|by Jason Steele|
Remember all the doom and gloom scenarios painted by the banking industry in the run up to the CARD Act. The story goes that without the ability to perform their usual tricks and traps, their wouldn’t be enough penalty fee income to allow them to offer sign up bonuses anymore. While we all wanted to live in a world where massive sign up bonuses were paid for by unscrupulous terms, it turns out that the sign up bonuses only got larger in the aftermath of the CARD Act implementation.
Instead of tricks and traps, banks worked harder at generating fees from merchants based on consumer spending.
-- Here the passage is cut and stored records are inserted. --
lemma ZZ_partial_fractions:
  assumes "w \<noteq> 0" "\<gamma> \<noteq> 0" "\<xi>0 \<noteq> 0" and "1 - w * x \<noteq> 0" "1 - q * w * x \<noteq> 0"
  shows "ZZ q \<gamma> s0 \<xi>0 x w
    = ZZ_pole_coeff s0 \<xi>0 w / (1 - w * x) + ZZ_qpole_coeff q \<gamma> s0 \<xi>0 w / (1 - q * w * x)"
proof -
  have "ZZ_pole_coeff s0 \<xi>0 w * (1 - q * w * x) + ZZ_qpole_coeff q \<gamma> s0 \<xi>0 w * (1 - w * x)
      = (1 - \<gamma>) * (q - inverse \<gamma> * s0^2) * (1 - x * w)
        + (1 - q) * (1 - \<xi>0 * s0 * x) * (1 - inverse \<xi>0 * s0 * w)"
    using assms(1-3) unfolding ZZ_pole_coeff_def ZZ_qpole_coeff_def by (simp add: field_simps)
  moreover have "(1 - x * w) * (1 - q * x * w) = (1 - w * x) * (1 - q * w * x)"
    by (simp add: mult_ac)
  ultimately show ?thesis
    using assms(4,5) unfolding ZZ_def by (simp add: field_simps)
qed

lemma sum_lagrange_weighted_ZZ:
  fixes x :: "nat \<Rightarrow> complex"
  assumes inj: "inj_on x {..<n}" and r: "r < n" and w: "w \<noteq> 0" and g: "\<gamma> \<noteq> 0" and xi: "\<xi>0 \<noteq> 0"
    and d1: "\<And>l. l < n \<Longrightarrow> 1 - w * x l \<noteq> 0" and d2: "\<And>l. l < n \<Longrightarrow> 1 - q * w * x l \<noteq> 0"
  shows "(\<Sum>k<n. x k ^ r / (\<Prod>l\<in>{..<n}-{k}. x k - x l) * ((\<Prod>l<n. 1 - q * w * x l) * ZZ q \<gamma> s0 \<xi>0 (x k) w))
    = w ^ (n - 1 - r) * (ZZ_pole_coeff s0 \<xi>0 w * (\<Prod>l<n. (1 - q * w * x l) / (1 - w * x l))
        + ZZ_qpole_coeff q \<gamma> s0 \<xi>0 w * q ^ (n - 1 - r))"
proof -
  define D where "D = (\<Prod>l<n. 1 - q * w * x l)"
  define pd where "pd k = (\<Prod>l\<in>{..<n}-{k}. x k - x l)" for k
  define \<alpha> \<beta> where "\<alpha> = ZZ_pole_coeff s0 \<xi>0 w" and "\<beta> = ZZ_qpole_coeff q \<gamma> s0 \<xi>0 w"
  have "D \<noteq> 0"
    unfolding D_def using d2 by simp
  have summand: "x k ^ r / pd k * (D * ZZ q \<gamma> s0 \<xi>0 (x k) w)
      = D * \<alpha> * (x k ^ r / (pd k * (1 - w * x k))) + D * \<beta> * (x k ^ r / (pd k * (1 - (q * w) * x k)))"
    if "k < n" for k
    using that d1 d2 unfolding ZZ_partial_fractions[OF w g xi d1[OF that] d2[OF that]] \<alpha>_def \<beta>_def
    by (simp add: ring_distribs mult_ac)
  have lagrange_w: "(\<Sum>k<n. x k ^ r / (pd k * (1 - w * x k))) = w ^ (n - 1 - r) / (\<Prod>l<n. 1 - w * x l)"
    unfolding pd_def using d1 by (rule sum_lagrange_partial_fractions[OF inj r])
  have lagrange_qw: "(\<Sum>k<n. x k ^ r / (pd k * (1 - (q * w) * x k)))
      = (q * w) ^ (n - 1 - r) / (\<Prod>l<n. 1 - (q * w) * x l)"
    unfolding pd_def using d2 by (rule sum_lagrange_partial_fractions[OF inj r])
  from summand have "(\<Sum>k<n. x k ^ r / pd k * (D * ZZ q \<gamma> s0 \<xi>0 (x k) w))
      = D * \<alpha> * (\<Sum>k<n. x k ^ r / (pd k * (1 - w * x k))) + D * \<beta> * (\<Sum>k<n. x k ^ r / (pd k * (1 - (q * w) * x k)))"
    by (simp add: sum.distrib sum_distrib_left)
  also have "\<dots> = D * \<alpha> * (w ^ (n - 1 - r) / (\<Prod>l<n. 1 - w * x l))
      + D * \<beta> * ((q * w) ^ (n - 1 - r) / (\<Prod>l<n. 1 - (q * w) * x l))"
    unfolding lagrange_w lagrange_qw ..
  also have "\<dots> = w ^ (n - 1 - r) * (\<alpha> * (\<Prod>l<n. (1 - q * w * x l) / (1 - w * x l)) + \<beta> * q ^ (n - 1 - r))"
    using \<open>D \<noteq> 0\<close> unfolding D_def by (simp add: prod_dividef power_mult_distrib field_simps)
  finally show ?thesis
    unfolding D_def pd_def \<alpha>_def \<beta>_def .
qed

lemma MM_Suc_eq:
  fixes u :: "nat \<Rightarrow> complex"
  assumes r: "r < n" and w: "w \<noteq> 0" and g: "\<gamma> \<noteq> 0" and xi: "\<xi>0 \<noteq> 0"
  shows "MM n q \<gamma> s0 \<xi>0 u (Suc r) w = \<xi>0 powi (2 * int r + 1 - int n) *
    (w ^ (n - 1 - r) * (ZZ_pole_coeff s0 \<xi>0 w * (\<Prod>l<n. (1 - q * w * u (Suc l)) / (1 - w * u (Suc l)))
      + ZZ_qpole_coeff q \<gamma> s0 \<xi>0 w * q ^ (n - 1 - r)))"
proof -
  define P where "P = (\<Prod>l<n. (1 - q * w * u (Suc l)) / (1 - w * u (Suc l)))"
  define c where "c = \<xi>0 powi (2 * int r + 1 - int n)"
  define A where "A = (1 - s0 / \<xi>0 * w) * (w / \<xi>0 - s0)"
  define B where "B = inverse \<gamma> * (\<gamma> - s0 / \<xi>0 * w) * (\<gamma> * q * w / \<xi>0 - s0)"
  have "(\<Prod>l\<in>{1..n}. (1 - q * w * u l) / (1 - w * u l)) = P"
    unfolding P_def by (simp only: prod.atLeast1_atMost_eq One_nat_def)
  moreover have "\<xi>0 powi (2 * int (Suc r) - int n) = \<xi>0 * c"
  proof -
    have "2 * int (Suc r) - int n = (2 * int r + 1 - int n) + 1"
      by simp
    then show ?thesis
      unfolding c_def by (simp only: power_int_add_1'[OF disjI1[OF xi]])
  qed
  moreover have "w powi (int n - int (Suc r) - 1) = w ^ (n - 1 - r) / w"
  proof -
    have "int n - int (Suc r) - 1 = int (n - 1 - r) - 1"
      using r by simp
    then show ?thesis
      by (simp only: power_int_diff[OF disjI1[OF w]] power_int_of_nat power_int_1_right)
  qed
  moreover have "n - Suc r = n - 1 - r"
    by simp
  ultimately have MM_eq: "MM n q \<gamma> s0 \<xi>0 u (Suc r) w = \<xi>0 * c * (w ^ (n - 1 - r) / w) * (A * P - q ^ (n - 1 - r) * B)"
    unfolding MM_def A_def B_def by (simp only: mult_ac)
  have pole: "ZZ_pole_coeff s0 \<xi>0 w = \<xi>0 / w * A"
    using w xi unfolding ZZ_pole_coeff_def A_def by (simp add: field_simps)
  have qpole: "ZZ_qpole_coeff q \<gamma> s0 \<xi>0 w = - (\<xi>0 / w * B)"
    using w xi g unfolding ZZ_qpole_coeff_def B_def by (simp add: field_simps power2_eq_square)
  show ?thesis
    unfolding MM_eq pole qpole P_def[symmetric] c_def[symmetric] using w by (simp add: field_simps)
qed

lemma MM_Suc_eq_weighted_sum:
  fixes u :: "nat \<Rightarrow> complex"
  assumes g: "\<gamma> \<noteq> 0" and xi: "\<xi>0 \<noteq> 0" and inj: "inj_on (\<lambda>k. u (Suc k)) {..<n}"
    and r: "r < n" and w: "w \<noteq> 0"
    and d1: "\<And>l. l < n \<Longrightarrow> 1 - w * u (Suc l) \<noteq> 0" and d2: "\<And>l. l < n \<Longrightarrow> 1 - q * w * u (Suc l) \<noteq> 0"
  shows "MM n q \<gamma> s0 \<xi>0 u (Suc r) w = \<xi>0 powi (2 * int r + 1 - int n) *
    (\<Sum>k<n. u (Suc k) ^ r / (\<Prod>l\<in>{..<n}-{k}. u (Suc k) - u (Suc l))
      * ((\<Prod>l<n. 1 - q * w * u (Suc l)) * ZZ q \<gamma> s0 \<xi>0 (u (Suc k)) w))"
  by (simp only: MM_Suc_eq[OF r w g xi] sum_lagrange_weighted_ZZ[OF inj r w g xi d1 d2])
lemma path_cover_delete_vertices:
  assumes "distinct ys" and "successively E ys"
  shows "\<exists>P. path_cover (set ys - S) E P \<and> card P \<le> card (set ys \<inter> S) + 1"
  using assms
proof (induction ys rule: length_induct)
  case (1 ys)
  show ?case
  proof (cases "\<exists>s \<in> set ys. s \<in> S")
    case False
    then have "path_cover (set ys - S) E (if ys = [] then {} else {ys})"
      using "1.prems" by (auto simp: path_cover_def is_path_iff_successively)
    then show ?thesis by (intro exI[of _ "if ys = [] then {} else {ys}"]) simp
  next
    case True
    then obtain as s bs where ys: "ys = as @ s # bs" "s \<in> S" "\<forall>a \<in> set as. a \<notin> S"
      by (rule split_list_first_propE[of ys "\<lambda>s. s \<in> S"])
    have bs: "distinct bs" "successively E bs"
      using "1.prems" ys(1) by (auto simp: successively_append_iff successively_Cons)
    obtain P where P: "path_cover (set bs - S) E P" "card P \<le> card (set bs \<inter> S) + 1"
      using "1.IH"[rule_format, OF _ bs] ys(1) by auto
    have "set ys \<inter> S = insert s (set bs \<inter> S)" and "s \<notin> set bs"
      using ys "1.prems"(1) by auto
    then have card_S: "card (set ys \<inter> S) = card (set bs \<inter> S) + 1" by simp
    show ?thesis
    proof (cases "as = []")
      case True
      then show ?thesis using P ys card_S by (intro exI[of _ P]) auto
    next
      case False
      have "is_path (set as) E as"
        using False "1.prems" ys(1) by (auto simp: is_path_iff_successively successively_append_iff)
      moreover have "set as \<inter> (set bs - S) = {}" using "1.prems"(1) ys(1) by auto
      ultimately have "path_cover (set bs - S \<union> set as) E (insert as P)"
        using P(1) by (intro path_cover_insert) auto
      moreover have "set bs - S \<union> set as = set ys - S" using ys by auto
      moreover have "card (insert as P) \<le> card P + 1" by (simp add: card_insert_le_m1)
      ultimately show ?thesis using P(2) card_S by (intro exI[of _ "insert as P"]) auto
    qed
  qed
qed

lemma path_cover_remove_paths:
  assumes "path_cover V E P" and "\<forall>p \<in> P. set p \<subseteq> U \<or> set p \<inter> U = {}"
  shows "path_cover (V - U) (induced E (V - U)) {p \<in> P. set p \<inter> U = {}}"
proof -
  have "path_cover (V - U) E {p \<in> P. set p \<inter> U = {}}"
    using assms unfolding path_cover_def is_path_def by (auto simp: subset_iff)
  then show ?thesis by (rule path_cover_induced)
qed

definition closed_nbhd :: "'a set \<Rightarrow> ('a \<Rightarrow> 'a \<Rightarrow> bool) \<Rightarrow> 'a \<Rightarrow> 'a set" where
  "closed_nbhd V E x = {y \<in> V. y = x \<or> E x y}"

lemma deg_2_le:
  assumes "finite V" and "a \<in> V" "b \<in> V" "a \<noteq> b" "E v a" "E v b"
  shows "2 \<le> deg V E v"
proof -
  have "card {a, b} \<le> card {u \<in> V. E v u}"
    using assms by (intro card_mono) auto
  then show ?thesis using assms(4) by (simp add: deg_def)
qed

lemma nbhd_deg_1:
  assumes "finite V" and "deg V E u = 1" "E u v" "v \<in> V"
  shows "{z \<in> V. E u z} = {v}"
proof -
  obtain a where "{z \<in> V. E u z} = {a}"
    using assms(2) by (auto simp: deg_def card_Suc_eq)
  then show ?thesis using assms(3,4) by auto
qed

lemma verts_I_subset: "simple_graph V E \<Longrightarrow> verts_I V E \<subseteq> V"
  unfolding verts_I_def iso_verts_def iso_edges_def by auto

lemma verts_I_adj:
  assumes sg: "simple_graph V E" and x: "x \<in> verts_I V E" and "E x y"
  shows "y \<in> verts_I V E \<and> closed_nbhd V E x = closed_nbhd V E y"
proof -
  have fin: "finite V" and y: "y \<in> V" "E y x"
    using sg \<open>E x y\<close> unfolding simple_graph_def by blast+
  from x consider "x \<in> iso_verts V E"
    | u v where "u \<in> V" "v \<in> V" "E u v" "deg V E u = 1" "deg V E v = 1" "x \<in> {u, v}"
    unfolding verts_I_def iso_edges_def by blast
  then show ?thesis
  proof cases
    case 1
    then show ?thesis using y \<open>E x y\<close> by (auto simp: iso_verts_def deg_def fin)
  next
    case (2 u v)
    have "E v u" using sg 2(3) unfolding simple_graph_def by blast
    then have "{z \<in> V. E u z} = {v}" "{z \<in> V. E v z} = {u}"
      using nbhd_deg_1[OF fin 2(4,3,2)] nbhd_deg_1[OF fin 2(5) _ 2(1)] by blast+
    then have "closed_nbhd V E u = {u, v}" "closed_nbhd V E v = {u, v}" "y \<in> {u, v}"
      using 2 \<open>E x y\<close> y unfolding closed_nbhd_def by auto
    moreover have "{u, v} \<in> iso_edges V E"
      using 2 unfolding iso_edges_def by blast
    ultimately show ?thesis
      using 2(6) unfolding verts_I_def by auto
  qed
qed

lemma verts_I_adj_iff:
  assumes "simple_graph V E" and "E x y"
  shows "x \<in> verts_I V E \<longleftrightarrow> y \<in> verts_I V E"
  using assms verts_I_adj[OF assms(1)] unfolding simple_graph_def by blast
(* Let $\Gamma$ be a group such that the comparison map $H^2_b(\Gamma,\mathbb R)\to H^2(\Gamma,\mathbb R)$ is not injective. Then $\mathrm{def}^{(1)}(\Gamma)\ge\sqrt3$; in particular $\Gamma$ is not Ulam stable.
   Context: For maps $\mu,\nu:\Gamma\to U(n)$: $\|\mu-\nu\|=\sup_\gamma\|\mu(\gamma)-\nu(\gamma)\|$ (operator norm), $D(\mu)=\inf\{\|\mu-\nu\|:\nu\in\mathrm{Hom}(\Gamma,U(n))\}$, $\mathrm{def}(\mu)=\sup_{x,y}\|\mu(xy)-\mu(x)\mu(y)\|$. $F^{(n)}_\Gamma(\delta)=\sup\{D(\mu):\mathrm{def}(\mu)\le\delta,\mu(e)=\mathrm{Id}\}$ over maps $\mu:\Gamma\to U(n)$; $\mathrm{def}^{(n)}(\Gamma)=\lim_{\delta\to0^+}F^{(n)}_\Gamma(\delta)$. $F^{fd}_\Gamma$ and $\mathrm{def}^{fd}(\Gamma)$ are defined the same way with the supremum over all finite dimensions; $\Gamma$ is Ulam stable if $\mathrm{def}^{fd}(\Gamma)=0$. *)

theory Defs
  imports "HOL-Algebra.Group" "Jordan_Normal_Form.Matrix"
begin

definition vnorm :: "complex vec \<Rightarrow> real" where
  "vnorm x = sqrt (\<Sum>i<dim_vec x. (cmod (x $ i))^2)"

definition opnorm :: "nat \<Rightarrow> complex mat \<Rightarrow> real" where
  "opnorm n A = Sup {vnorm (A *\<^sub>v x) | x. x \<in> carrier_vec n \<and> vnorm x = 1}"

definition unitary_group :: "nat \<Rightarrow> complex mat set" where
  "unitary_group n = {U. U \<in> carrier_mat n n \<and> U * map_mat cnj (transpose_mat U) = 1\<^sub>m n}"

definition unitary_homs :: "('g, 'b) monoid_scheme \<Rightarrow> nat \<Rightarrow> ('g \<Rightarrow> complex mat) set" where
  "unitary_homs G n = {\<nu>. \<nu> \<in> carrier G \<rightarrow> unitary_group n \<and>
     (\<forall>x\<in>carrier G. \<forall>y\<in>carrier G. \<nu> (x \<otimes>\<^bsub>G\<^esub> y) = \<nu> x * \<nu> y)}"

definition map_dist :: "('g, 'b) monoid_scheme \<Rightarrow> nat \<Rightarrow> ('g \<Rightarrow> complex mat) \<Rightarrow> ('g \<Rightarrow> complex mat) \<Rightarrow> real" where
  "map_dist G n \<mu> \<nu> = Sup {opnorm n (\<mu> g - \<nu> g) | g. g \<in> carrier G}"

definition dist_to_homs :: "('g, 'b) monoid_scheme \<Rightarrow> nat \<Rightarrow> ('g \<Rightarrow> complex mat) \<Rightarrow> real" where
  "dist_to_homs G n \<mu> = Inf {map_dist G n \<mu> \<nu> | \<nu>. \<nu> \<in> unitary_homs G n}"

definition map_defect :: "('g, 'b) monoid_scheme \<Rightarrow> nat \<Rightarrow> ('g \<Rightarrow> complex mat) \<Rightarrow> real" where
  "map_defect G n \<mu> = Sup {opnorm n (\<mu> (x \<otimes>\<^bsub>G\<^esub> y) - \<mu> x * \<mu> y) | x y. x \<in> carrier G \<and> y \<in> carrier G}"
(* Under the parameter assumptions in the context, the reduced system $\dot x=G(x)$ is strongly monotone on the open orthant $(0,\infty)^4$ with respect to the partial order induced by the orthant cone $C_\sigma=\{x\in\mathbb{R}^4:\sigma_ix_i\ge0\ \forall i\}$ with $\sigma=(-1,1,-1,1)$; that is, for all $t>0$ and all $x_1,x_2\in(0,\infty)^4$ with $x_1-x_2\in C_\sigma$ and $x_1\ne x_2$, one has $\phi_t(x_1)-\phi_t(x_2)\in \mathrm{int}(C_\sigma)$, where $\phi_t$ is the flow of the reduced system.
   Context: All of the following are positive real parameters: $A_s, A_z, E_{34}, E_{200}, E_S, E_Z, \beta_{34}, \beta_{-34}, \beta_{200}, \beta_{-200}, \gamma_s, \gamma_z, c_s, c_{-s}, c_z, c_{-z}, \beta_s, \beta_{s1}, \beta_{s2}, \beta_z, \beta_{z1}, \beta_{z2}, k_s, k_{s1}, k_{s2}, k_{-s}, k_z, k_{z1}, k_{z2}, k_{-z}, \delta_z$. They satisfy $\beta_s<\beta_{s1}<\beta_{s2}$, $\beta_z<\beta_{z1}<\beta_{z2}$, $k_s>k_{s1}>k_{s2}$ and $k_z>k_{z1}>k_{z2}$. For $\rho\in\{s,z\}$ define $e_{\rho1}=\beta_{\rho1}\beta_{\rho2}+(\beta_{\rho1}+\beta_{\rho2})c_{-\rho}+c_{-\rho}^2$, $e_{\rho2}=c_\rho(\beta_{\rho2}+c_{-\rho})$, $e_{\rho3}=\beta_\rho\beta_{\rho2}+\beta_{\rho1}\beta_{\rho2}+\beta_{\rho1}c_{-\rho}$, $\Delta_\rho(\mu)=\beta_{\rho2}c_\rho^2\mu^2+e_{\rho3}c_\rho\mu+e_{\rho1}\beta_\rho$, and $N_\rho(\mu)=\dfrac{k_\rho(\beta_{\rho2}c_\rho\mu+e_{\rho1})+k_{\rho1}e_{\rho2}\mu+k_{\rho2}c_\rho^2\mu^2}{\Delta_\rho(\mu)}$ for $\mu\ge 0$. The reduced system $\dot x=G(x)$, $x=(\mu_{34},s,\mu_{200},z)$, is $\dot\mu_{34}=\dfrac{\beta_{34}E_{34}A_sA_z}{(s^2+A_s)(z^2+A_z)}-\beta_{-34}\mu_{34}$, $\dot s=\dfrac{\gamma_sE_SA_s}{s^2+A_s}N_s(\mu_{34})-k_{-s}s$, $\dot\mu_{200}=\dfrac{\beta_{200}E_{200}A_sA_z}{(s^2+A_s)(z^2+A_z)}-\beta_{-200}\mu_{200}$, $\dot z=\delta_z+\dfrac{\gamma_zE_Zs^2z^2}{(s^2+A_s)(z^2+A_z)}N_z(\mu_{200})-k_{-z}z$. *)

theory Defs
  imports "HOL-Analysis.Analysis"
begin

text \<open>Parameters of the model (all 31 positive reals of the paper).
  Naming: b = beta, bm = beta with negative index, g = gamma, cm = c_{-rho},
  km = k_{-rho}, dz = delta_z.\<close>

record params =
  As :: real  Az :: real  E34 :: real  E200 :: real  ES :: real  EZ :: real
  b34 :: real  bm34 :: real  b200 :: real  bm200 :: real  gs :: real  gz :: real
  cs :: real  cms :: real  cz :: real  cmz :: real
  bs :: real  bs1 :: real  bs2 :: real  bz :: real  bz1 :: real  bz2 :: real
  ks :: real  ks1 :: real  ks2 :: real  kms :: real
  kz :: real  kz1 :: real  kz2 :: real  kmz :: real  dz :: real

text \<open>Generic formulas for rho in {s,z}: arguments are
  k_rho, k_rho1, k_rho2, c_rho, c_{-rho}, beta_rho, beta_rho1, beta_rho2.\<close>


definition e_1 :: "real \<Rightarrow> real \<Rightarrow> real \<Rightarrow> real" where
  "e_1 cm b1 b2 = b1 * b2 + (b1 + b2) * cm + cm\<^sup>2"

definition e_2 :: "real \<Rightarrow> real \<Rightarrow> real \<Rightarrow> real" where
  "e_2 c cm b2 = c * (b2 + cm)"

definition e_3 :: "real \<Rightarrow> real \<Rightarrow> real \<Rightarrow> real \<Rightarrow> real" where
  "e_3 cm b b1 b2 = b * b2 + b1 * b2 + b1 * cm"

definition Delta :: "real \<Rightarrow> real \<Rightarrow> real \<Rightarrow> real \<Rightarrow> real \<Rightarrow> real \<Rightarrow> real" where
  "Delta c cm b b1 b2 \<mu> = b2 * c\<^sup>2 * \<mu>\<^sup>2 + e_3 cm b b1 b2 * c * \<mu> + e_1 cm b1 b2 * b"

definition Nf :: "real \<Rightarrow> real \<Rightarrow> real \<Rightarrow> real \<Rightarrow> real \<Rightarrow> real \<Rightarrow> real \<Rightarrow> real \<Rightarrow> real \<Rightarrow> real" where
  "Nf k k1 k2 c cm b b1 b2 \<mu> =
     (k * (b2 * c * \<mu> + e_1 cm b1 b2) + k1 * e_2 c cm b2 * \<mu> + k2 * c\<^sup>2 * \<mu>\<^sup>2)
     / Delta c cm b b1 b2 \<mu>"

definition N_s :: "params \<Rightarrow> real \<Rightarrow> real" where
  "N_s p = Nf (ks p) (ks1 p) (ks2 p) (cs p) (cms p) (bs p) (bs1 p) (bs2 p)"

definition N_z :: "params \<Rightarrow> real \<Rightarrow> real" where
  "N_z p = Nf (kz p) (kz1 p) (kz2 p) (cz p) (cmz p) (bz p) (bz1 p) (bz2 p)"

definition G :: "params \<Rightarrow> real^4 \<Rightarrow> real^4" where
  "G p x = (let m34 = x$1; s = x$2; m200 = x$3; z = x$4 in
     (\<chi> i. if i = 1 then
              b34 p * E34 p * As p * Az p / ((s\<^sup>2 + As p) * (z\<^sup>2 + Az p)) - bm34 p * m34
            else if i = 2 then
              gs p * ES p * As p / (s\<^sup>2 + As p) * N_s p m34 - kms p * s
            else if i = 3 then
              b200 p * E200 p * As p * Az p / ((s\<^sup>2 + As p) * (z\<^sup>2 + Az p)) - bm200 p * m200
            else
              dz p + gz p * EZ p * s\<^sup>2 * z\<^sup>2 / ((s\<^sup>2 + As p) * (z\<^sup>2 + Az p)) * N_z p m200
                - kmz p * z))"

definition sigma :: "real^4" where
  "sigma = (\<chi> i. if i = 1 \<or> i = 3 then -1 else 1)"

definition C_sigma :: "(real^4) set" where
  "C_sigma = {x. \<forall>i. sigma$i * x$i \<ge> 0}"

definition open_orthant :: "(real^4) set" where
  "open_orthant = {x. \<forall>i. x$i > 0}"

end

theory Submission
  imports Defs
begin

text \<open>After the change of coordinates \<open>x \<mapsto> \<sigma> x\<close> the reduced system is cooperative: the
  Hill terms are monotone, and the ordering hypotheses on the \<open>\<beta>\<close>'s and \<open>k\<close>'s make
  \<open>N\<^sub>s\<close> and \<open>N\<^sub>z\<close> strictly decreasing. Both solutions stay in the open orthant and in a
  compact box, on which \<open>G\<close> is Lipschitz, so Kamke's argument shows that the
  \<open>\<sigma>\<close>-weighted difference \<open>w\<close> of two ordered solutions stays in the closed positive orthant,
  and that a positive coordinate of \<open>w\<close> stays positive. Each coordinate strictly drives
  the next one along the cycle \<open>\<mu>\<^sub>3\<^sub>4 \<rightarrow> s \<rightarrow> \<mu>\<^sub>2\<^sub>0\<^sub>0 \<rightarrow> z \<rightarrow> \<mu>\<^sub>3\<^sub>4\<close>, so positivity spreads
  from a coordinate in which the initial data differ to the next one within any positive
  time, and after three such steps every coordinate of \<open>w(t)\<close> is positive.\<close>

section \<open>Kinetic and Hill functions\<close>

lemma e_1_pos: "0 < cm \<Longrightarrow> 0 < b1 \<Longrightarrow> 0 < b2 \<Longrightarrow> 0 < e_1 cm b1 b2"
  unfolding e_1_def by (intro add_pos_pos mult_pos_pos) auto

lemma Delta_ge:
  assumes "0 < c" "0 < cm" "0 < b" "0 < b1" "0 < b2" "0 \<le> \<mu>"
  shows "e_1 cm b1 b2 * b \<le> Delta c cm b b1 b2 \<mu>"
  using assms unfolding Delta_def e_3_def by (simp add: add_nonneg_nonneg)

lemma Delta_pos:
  assumes "0 < c" "0 < cm" "0 < b" "0 < b1" "0 < b2" "0 \<le> \<mu>"
  shows "0 < Delta c cm b b1 b2 \<mu>"
  using Delta_ge[OF assms] e_1_pos assms by (smt (verit) mult_pos_pos)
To maximize these fees, you needed a group of cardholders who paid for everything on their credit cards, but presented a low risk of default. These people are called reward earning deadbeats (people who pay off their balance in full every month, avoiding interest), of which I happen to be the high priest. To entice this crowd, you merely have to offer a large sign up bonus. The result is that we have been seeing record incentives to apply to new cards.
Case In Point, CitiBank and American Airlines
These CitiBank cards were famous for the loophole that allowed customer to open and close cards every few months, earning sign up bonuses repeatedly. I myself earned hundreds of thousands of miles this way before that loophole was closed. The typical offer was for 25,000 or 30,000 AA miles when you spent $750 in the first month.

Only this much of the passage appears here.